Most musicians report MPA directly prior and during a performance; however, some musicians may report anticipation anxiety days, weeks, or even months before a performance (Van Kemenade, Van Son, & Van Heesch, 1995). Depression and anxiety disorders are frequently observed psychiatric co-morbidities when treating severe MPA. Kenny (2011) suggested a tripartite typology of MPA which differentiates between (a) severe MPA as a focal disorder in an otherwise healthy musician, (b) severe MPA as an expression of social anxiety, and (c) severe MPA as a more complex psychopathology in which case, the individual may suffer from an extreme combination of emotional, cognitive, and somatic anxiety as well as serious problems with the sense of self and self-esteem. Particularly, the link between MPA and social anxiety has been widely researched (e.g., Cox & Kenardy, 1993; Dobos, Piko, & Kenny, 2019; Kenny, 2011; Nicholson, Cody, & Beck, 2015). This is underlined by the fact that the DSM-5 now acknowledges evidence of individuals suffering exclusively from performance anxiety as a distinct sub-type of social anxiety disorder (SAD) by introducing a new specifier, performance only which replaces the old generalized specifier.

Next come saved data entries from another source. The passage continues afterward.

(* Let $q$ be a power of an odd prime $p$, let $a,b$ be distinct positive integers and $n$ a positive integer. The $\mathbb{F}_q$-dimension of the radical of the quadratic form $x\mapsto \mathrm{Tr}_{\mathbb{F}_{q^n}/\mathbb{F}_q}(x^{q^b+1}-x^{q^a+1})$ on $\mathbb{F}_{q^n}$ equals $$\begin{cases}(b+a,n)+(|b-a|,n)-(b+a,|b-a|,n) & \text{if } \nu_p(n)\le \max\{\nu_p(b+a),\nu_p(|b-a|)\},\\ (b+a,n)+(|b-a|,n) & \text{if } \nu_p(n)> \max\{\nu_p(b+a),\nu_p(|b-a|)\}.\end{cases}$$
   Context: $(u,v)$ and $(u,v,w)$ denote greatest common divisors; $\nu_p$ is the $p$-adic valuation. The radical of a quadratic form $F$ over $\mathbb{F}_q$ on $\mathbb{F}_{q^n}$ is $\{x\in\mathbb{F}_{q^n}: F(x+y)-F(x)-F(y)=0\ \forall y\in\mathbb{F}_{q^n}\}$. *)

theory Defs
  imports "HOL-Algebra.Algebraic_Closure_Type" "HOL-Algebra.Embedded_Algebras"
    "HOL-Computational_Algebra.Primes"
begin

definition subfield_Fq :: "nat \<Rightarrow> 'a::field set" where
  "subfield_Fq q = {x. x ^ q = x}"

definition trace_Fq :: "nat \<Rightarrow> nat \<Rightarrow> 'a::field \<Rightarrow> 'a" where
  "trace_Fq q n x = (\<Sum>i<n. x ^ (q ^ i))"

definition qf_radical :: "('a::field \<Rightarrow> 'a) \<Rightarrow> 'a set" where
  "qf_radical F = {x. \<forall>y. F (x + y) - F x - F y = 0}"

end

theory Submission
  imports Defs
begin

text \<open>
  Write \<open>\<phi>\<close> for the Frobenius \<open>x \<mapsto> x^q\<close>, \<open>s = b + a\<close> and \<open>d = |b - a|\<close>. The polar form of
  the quadratic form is \<open>Tr(y L(x))\<close> with \<open>L = \<phi>^b + \<phi>^(-b) - \<phi>^a - \<phi>^(-a)\<close>, so by
  nondegeneracy of the trace the radical is \<open>ker L = ker ((\<phi>^s - 1) \<circ> (\<phi>^d - 1))\<close>.
  The kernel of \<open>\<phi>^d - 1\<close> is \<open>F_{q^g}\<close> with \<open>g = (d, n)\<close>, and its image is the kernel of the
  trace onto \<open>F_{q^g}\<close> (additive Hilbert 90); hence the radical has \<open>q^g\<close> times as many
  elements as the kernel of that trace on \<open>F_{q^h}\<close>, \<open>h = (s, n)\<close>. On \<open>F_{q^h}\<close> this trace is
  \<open>n / lcm(g, h)\<close> times the trace of \<open>F_{q^h}\<close> over \<open>F_{q^(g,h)}\<close>. So it vanishes identically
  when \<open>p\<close> divides \<open>n / lcm(g, h)\<close>, i.e. when \<open>\<nu>_p(n) > max(\<nu>_p(s), \<nu>_p(d))\<close>, and
  otherwise its kernel has \<open>q^(h - (g,h))\<close> elements. Finally, an \<open>F_q\<close>-subspace with \<open>q^N\<close>
  elements has dimension \<open>N\<close>.
\<close>

lemma finite_field_power_card_UNIV:
  fixes x :: "'a::{finite,field}"
  shows "x ^ card (UNIV :: 'a set) = x"
proof (cases "x = 0")
  case True
  then show ?thesis using finite_UNIV_card_ge_0[where ?'a = 'a] by simp
next
  case False
  let ?U = "UNIV - {0} :: 'a set"
  have "(\<Prod>y\<in>?U. x * y) = (\<Prod>y\<in>?U. y)"
    by (rule prod.reindex_bij_witness[of _ "\<lambda>y. y / x" "\<lambda>y. x * y"]) (use False in auto)
  then have "x ^ card ?U = 1"
    by (simp add: prod.distrib)
  have "card (UNIV :: 'a set) = Suc (card ?U)"
    using card_Suc_Diff1[of UNIV "0::'a"] by simp
  then have "x ^ card (UNIV :: 'a set) = x * x ^ card ?U" by (simp only: power_Suc)
  with \<open>x ^ card ?U = 1\<close> show ?thesis by simp
qed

More recently, however, Kenny (2016) challenged existing definitions of MPA, trying to address inconsistencies with the emerging research and, most importantly, distinguishing MPA from SAD. Although MPA and SAD share common characteristics such as the fear of negative evaluation, both conditions repeatedly showed significant differences (for a discussion, see Kenny, 2008). Previous research by Gorges, Alpers, and Pauli (2007) showed that even though SAD highly correlates with MPA, only the performance anxiety sub-scale, not the fear of social interaction, predicts MPA. In our previous research article about the role of parenting style and adult attachment behavior in MPA, we found a strong relationship between MPA and generalized anxiety disorder (GAD; see Wiedemann, Vogel, Voss, Nusseck, & Hoyer, 2019). Finding that the expression of GAD was such as strong predictor of MPA, we conducted a literature search of MPA and its relation to other anxiety disorders finding that the vast majority of research does not consider GAD as a potential predictor of MPA. The DSM-5 anxiety sub-workgroup, however, suggests that performance anxiety in general should only be considered as an exemplar of SAD if fear of negative evaluation by others is the presenting core issue, whereas the predominance of a fear of failure in a non-social context should always be considered as a manifestation of GAD (Heimberg et al., 2014). Even though classification systems such as the DSM-5 have attracted considerable criticism (for an overview, see Pickersgill, 2013), they are a practical tool for both clinicians and researchers to integrate and guide empirical studies using standardized diagnostic criteria as well as to decide on treatment need and treatment choice (Caspi et al., 2014). Advancing our understanding of how MPA relates to other anxiety disorders may be particularly useful when considering potential treatment choices, for example, cognitive-behavioral therapists may use different tools depending on whether generalized (e.g., exposition) or social (e.g., reality testing) anxieties are more prevalent.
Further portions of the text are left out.